Null and Alternative Hypothesis: Core Definitions

Definition — Null Hypothesis (H₀)

The null hypothesis is the default assumption that there is no effect, no difference, and no relationship in the population. It is the statement that a statistical test is designed to challenge. Researchers never prove the null hypothesis true — they either reject it or fail to reject it based on data.

H₀: μ = μ₀ | H₀: p = p₀ | H₀: μ₁ = μ₂

Definition — Alternative Hypothesis (H₁ or Hₐ)

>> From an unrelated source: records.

(* Let $(X,\sim)$, $U$ and $\tau$ satisfy (C1), (C1'), (C2), and let $\mathcal M(U,\tau)=(X,(U_x)_{x\in X})$ be as constructed below. Then $\mathcal M(U,\tau)$ always satisfies (LM0), (LM1), (LM1'), and the following are equivalent: (i) $\mathcal M(U,\tau)$ is a local Moufang set; (ii) $h_x^{-1}Uh_x=U$ for all units $x\in X$; (iii) $U^\tau=U^{\mu_x}$ for all units $x\in X$.
   Context: Group actions are right actions; $g^h=h^{-1}gh$; permutations are composed left to right. For a set $X$ with equivalence relation $\sim$, $\overline x$ is the class of $x$, $\overline X$ the set of classes, $\mathrm{Sym}(X,\sim)$ the group of bijections $g$ with $x\sim y\iff xg\sim yg$, and for $U\le\mathrm{Sym}(X,\sim)$, $\overline U$ is the induced permutation group of $\overline X$. A local Moufang set is $(X,\sim)$ with $|\overline X|>2$ and subgroups $U_x\le\mathrm{Sym}(X,\sim)$ ($x\in X$) with: (LM0) $x\sim y\Rightarrow\overline{U_x}=\overline{U_y}$; (LM1) $U_x$ fixes $x$ and is sharply transitive on $X\setminus\overline x$; (LM1') $\overline{U_x}$ fixes $\overline x$ and is sharply transitive on $\overline X\setminus\{\overline x\}$; (LM2) $U_x^g=U_{xg}$ for all $x$ and all $g\in\langle U_y\mid y\in X\rangle$. Construction data: a set with equivalence relation $(X,\sim)$ with $|\overline X|>2$, a subgroup $U\le\mathrm{Sym}(X,\sim)$ and $\tau\in\mathrm{Sym}(X,\sim)$ such that (C1) $U$ fixes a point, called $\infty$, and acts sharply transitively on $X\setminus\overline\infty$; (C1') $\overline U$ acts sharply transitively on $\overline X\setminus\{\overline\infty\}$; (C2) $\infty\tau\not\sim\infty$ and $\infty\tau^2=\infty$; put $0:=\infty\tau$. For $x\not\sim\infty$ let $\alpha_x$ be the unique element of $U$ with $0\alpha_x=x$, $-x:=0\alpha_x^{-1}$, and $\gamma_x:=\alpha_x^\tau$. Define $U_\infty:=U$, $U_0:=U^\tau$, $U_x:=U_0^{\alpha_x}$ for $x\not\sim\infty$ and $U_x:=U_\infty^{\gamma_{x\tau^{-1}}}$ for $x\sim\infty$; this is $\mathcal M(U,\tau)$. A unit is $x$ with $x\not\sim0$, $x\not\sim\infty$. For a unit $x$: $\mu_x:=\gamma_{(-x)\tau^{-1}}\,\alpha_x\,\gamma_{-(x\tau^{-1})}$ and $h_x:=\tau\,\alpha_x\,\tau^{-1}\,\alpha_{-(x\tau^{-1})}\,\tau\,\alpha_{-\left((-(x\tau^{-1}))\tau\right)}$. *)

theory Defs
  imports Main
begin

text \<open>The set X is the universe of the type 'a; the equivalence relation
is R. Permutations are functions 'a => 'a acting on the right: the image of x under g
is written g x. Products are left to right: the product g h (first g, then h) is the
function h o g. Conjugation g^h = h^-1 g h is h o g o inv h.\<close>

definition conj :: "('a \<Rightarrow> 'a) \<Rightarrow> ('a \<Rightarrow> 'a) \<Rightarrow> ('a \<Rightarrow> 'a)" where
  "conj g h = h \<circ> g \<circ> inv h"

definition conjset :: "('a \<Rightarrow> 'a) set \<Rightarrow> ('a \<Rightarrow> 'a) \<Rightarrow> ('a \<Rightarrow> 'a) set" where
  "conjset U h = (\<lambda>g. conj g h) ` U"

text \<open>Left-to-right product of a list of permutations: prodl [g1,...,gn] = g1 g2 ... gn.\<close>
definition prodl :: "('a \<Rightarrow> 'a) list \<Rightarrow> ('a \<Rightarrow> 'a)" where
  "prodl gs = foldl (\<lambda>acc g. g \<circ> acc) id gs"

definition cls :: "('a \<Rightarrow> 'a \<Rightarrow> bool) \<Rightarrow> 'a \<Rightarrow> 'a set" where
  "cls R x = {y. R x y}"

definition classes :: "('a \<Rightarrow> 'a \<Rightarrow> bool) \<Rightarrow> 'a set set" where
  "classes R = range (cls R)"

definition more_than_two_classes :: "('a \<Rightarrow> 'a \<Rightarrow> bool) \<Rightarrow> bool" where
  "more_than_two_classes R \<longleftrightarrow> infinite (classes R) \<or> 2 < card (classes R)"

definition symeq :: "('a \<Rightarrow> 'a \<Rightarrow> bool) \<Rightarrow> ('a \<Rightarrow> 'a) set" where
  "symeq R = {g. bij g \<and> (\<forall>x y. R x y \<longleftrightarrow> R (g x) (g y))}"

definition subgroup_of :: "('a \<Rightarrow> 'a) set \<Rightarrow> ('a \<Rightarrow> 'a \<Rightarrow> bool) \<Rightarrow> bool" where
  "subgroup_of U R \<longleftrightarrow> U \<subseteq> symeq R \<and> id \<in> U \<and>
     (\<forall>g\<in>U. \<forall>h\<in>U. h \<circ> g \<in> U) \<and> (\<forall>g\<in>U. inv g \<in> U)"

definition ind :: "('a \<Rightarrow> 'a \<Rightarrow> bool) \<Rightarrow> ('a \<Rightarrow> 'a) \<Rightarrow> 'a set \<Rightarrow> 'a set" where
  "ind R g = (\<lambda>C. if C \<in> classes R then g ` C else C)"

definition indgrp :: "('a \<Rightarrow> 'a \<Rightarrow> bool) \<Rightarrow> ('a \<Rightarrow> 'a) set \<Rightarrow> ('a set \<Rightarrow> 'a set) set" where
  "indgrp R U = ind R ` U"

definition sharply_transitive :: "('b \<Rightarrow> 'b) set \<Rightarrow> 'b set \<Rightarrow> bool" where
  "sharply_transitive G S \<longleftrightarrow> (\<forall>g\<in>G. \<forall>a\<in>S. g a \<in> S) \<and>
     (\<forall>a\<in>S. \<forall>b\<in>S. \<exists>!g. g \<in> G \<and> g a = b)"

inductive_set gen :: "('a \<Rightarrow> 'a) set \<Rightarrow> ('a \<Rightarrow> 'a) set" for S where
  gen_base: "g \<in> S \<Longrightarrow> g \<in> gen S"
| gen_id: "id \<in> gen S"
| gen_comp: "g \<in> gen S \<Longrightarrow> h \<in> gen S \<Longrightarrow> h \<circ> g \<in> gen S"
| gen_inv: "g \<in> gen S \<Longrightarrow> inv g \<in> gen S"

definition LM0 :: "('a \<Rightarrow> 'a \<Rightarrow> bool) \<Rightarrow> ('a \<Rightarrow> ('a \<Rightarrow> 'a) set) \<Rightarrow> bool" where
  "LM0 R Uf \<longleftrightarrow> (\<forall>x y. R x y \<longrightarrow> indgrp R (Uf x) = indgrp R (Uf y))"

definition LM1 :: "('a \<Rightarrow> 'a \<Rightarrow> bool) \<Rightarrow> ('a \<Rightarrow> ('a \<Rightarrow> 'a) set) \<Rightarrow> bool" where
  "LM1 R Uf \<longleftrightarrow> (\<forall>x. (\<forall>g\<in>Uf x. g x = x) \<and> sharply_transitive (Uf x) (- cls R x))"

definition LM1' :: "('a \<Rightarrow> 'a \<Rightarrow> bool) \<Rightarrow> ('a \<Rightarrow> ('a \<Rightarrow> 'a) set) \<Rightarrow> bool" where
  "LM1' R Uf \<longleftrightarrow> (\<forall>x. (\<forall>g\<in>indgrp R (Uf x). g (cls R x) = cls R x) \<and>
      sharply_transitive (indgrp R (Uf x)) (classes R - {cls R x}))"

definition LM2 :: "('a \<Rightarrow> 'a \<Rightarrow> bool) \<Rightarrow> ('a \<Rightarrow> ('a \<Rightarrow> 'a) set) \<Rightarrow> bool" where
  "LM2 R Uf \<longleftrightarrow> (\<forall>x. \<forall>g\<in>gen (\<Union>y. Uf y). conjset (Uf x) g = Uf (g x))"

definition local_moufang :: "('a \<Rightarrow> 'a \<Rightarrow> bool) \<Rightarrow> ('a \<Rightarrow> ('a \<Rightarrow> 'a) set) \<Rightarrow> bool" where
  "local_moufang R Uf \<longleftrightarrow> equivp R \<and> more_than_two_classes R \<and>
     (\<forall>x. subgroup_of (Uf x) R) \<and> LM0 R Uf \<and> LM1 R Uf \<and> LM1' R Uf \<and> LM2 R Uf"

definition construction_data ::
  "('a \<Rightarrow> 'a \<Rightarrow> bool) \<Rightarrow> ('a \<Rightarrow> 'a) set \<Rightarrow> 'a \<Rightarrow> ('a \<Rightarrow> 'a) \<Rightarrow> bool" where
  "construction_data R U ioo \<tau> \<longleftrightarrow> equivp R \<and> more_than_two_classes R \<and>
     subgroup_of U R \<and> \<tau> \<in> symeq R \<and>
     (\<forall>g\<in>U. g ioo = ioo) \<and> sharply_transitive U (- cls R ioo) \<and>
     sharply_transitive (indgrp R U) (classes R - {cls R ioo}) \<and>
     \<not> R (\<tau> ioo) ioo \<and> \<tau> (\<tau> ioo) = ioo"

definition alpha :: "('a \<Rightarrow> 'a) set \<Rightarrow> 'a \<Rightarrow> ('a \<Rightarrow> 'a) \<Rightarrow> 'a \<Rightarrow> ('a \<Rightarrow> 'a)" where
  "alpha U ioo \<tau> x = (THE a. a \<in> U \<and> a (\<tau> ioo) = x)"

definition neg :: "('a \<Rightarrow> 'a) set \<Rightarrow> 'a \<Rightarrow> ('a \<Rightarrow> 'a) \<Rightarrow> 'a \<Rightarrow> 'a" where
  "neg U ioo \<tau> x = inv (alpha U ioo \<tau> x) (\<tau> ioo)"

definition gamma :: "('a \<Rightarrow> 'a) set \<Rightarrow> 'a \<Rightarrow> ('a \<Rightarrow> 'a) \<Rightarrow> 'a \<Rightarrow> ('a \<Rightarrow> 'a)" where
  "gamma U ioo \<tau> x = conj (alpha U ioo \<tau> x) \<tau>"

definition MU :: "('a \<Rightarrow> 'a \<Rightarrow> bool) \<Rightarrow> ('a \<Rightarrow> 'a) set \<Rightarrow> 'a \<Rightarrow> ('a \<Rightarrow> 'a) \<Rightarrow> 'a \<Rightarrow> ('a \<Rightarrow> 'a) set" where
  "MU R U ioo \<tau> x = (if R x ioo then conjset U (gamma U ioo \<tau> (inv \<tau> x))
                     else conjset (conjset U \<tau>) (alpha U ioo \<tau> x))"

definition is_unit :: "('a \<Rightarrow> 'a \<Rightarrow> bool) \<Rightarrow> 'a \<Rightarrow> ('a \<Rightarrow> 'a) \<Rightarrow> 'a \<Rightarrow> bool" where
  "is_unit R ioo \<tau> x \<longleftrightarrow> \<not> R x (\<tau> ioo) \<and> \<not> R x ioo"

definition mu :: "('a \<Rightarrow> 'a) set \<Rightarrow> 'a \<Rightarrow> ('a \<Rightarrow> 'a) \<Rightarrow> 'a \<Rightarrow> ('a \<Rightarrow> 'a)" where
  "mu U ioo \<tau> x = prodl [gamma U ioo \<tau> (inv \<tau> (neg U ioo \<tau> x)),
                          alpha U ioo \<tau> x,
                          gamma U ioo \<tau> (neg U ioo \<tau> (inv \<tau> x))]"

definition hh :: "('a \<Rightarrow> 'a) set \<Rightarrow> 'a \<Rightarrow> ('a \<Rightarrow> 'a) \<Rightarrow> 'a \<Rightarrow> ('a \<Rightarrow> 'a)" where
  "hh U ioo \<tau> x = prodl [\<tau>, alpha U ioo \<tau> x, inv \<tau>,
                          alpha U ioo \<tau> (neg U ioo \<tau> (inv \<tau> x)), \<tau>,
                          alpha U ioo \<tau> (neg U ioo \<tau> (\<tau> (neg U ioo \<tau> (inv \<tau> x))))]"

end

theory Submission
  imports Defs
begin

text \<open>The root group at \<open>x\<close> is the conjugate of \<open>U\<close> by a permutation carrying \<open>\<infinity>\<close> to \<open>x\<close>;
  this transports (C1) and (C1') to (LM1) and (LM1'), and (LM0) holds because for equivalent
  points these permutations induce the same map on classes. Up to factors from \<open>U\<close>, \<open>h\<^sub>x\<close> is
  \<open>\<tau> \<mu>\<^sub>x\<close>, and \<open>\<mu>\<^sub>-\<^sub>x = \<mu>\<^sub>x\<^sup>-\<^sup>1\<close>; hence (ii) and (iii) are equivalent. As \<open>\<mu>\<^sub>x\<close> lies in
  \<open>\<langle>U, U\<^sup>\<tau>\<rangle>\<close> and maps \<open>\<infinity>\<close> to \<open>0\<close>, (LM2) forces (iii). Conversely, under (iii) each \<open>\<mu>\<^sub>x\<close>
  swaps \<open>U\<close> and \<open>U\<^sup>\<tau>\<close> and therefore conjugates every root group onto the one at the image
  point. Elements of \<open>U\<close> and \<open>U\<^sup>\<tau>\<close> do the same away from the class of their fixed point, and
  the remaining cases are reduced to these by factoring elements of \<open>U\<^sup>\<tau>\<close> through some \<open>\<mu>\<^sub>y\<close>.\<close>

section \<open>Permutations, conjugation and the induced action on classes\<close>

lemma bij_comp_inv [simp]: "bij h \<Longrightarrow> h \<circ> inv h = id"
  using bij_is_surj surj_iff by blast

The alternative hypothesis is the claim the researcher is trying to support — that a real effect, difference, or relationship exists in the population. It is what the test is built to detect. If evidence is strong enough, the researcher rejects H₀ in favor of H₁.

H₁: μ ≠ μ₀ | H₁: μ > μ₀ | H₁: μ < μ₀

Every statistical test in science, medicine, business analytics, and social research uses this same structure. The null and alternative hypothesis together form a mutually exclusive and exhaustive pair — exactly one of them describes the true state of the population, and the data helps you determine which one the evidence favors.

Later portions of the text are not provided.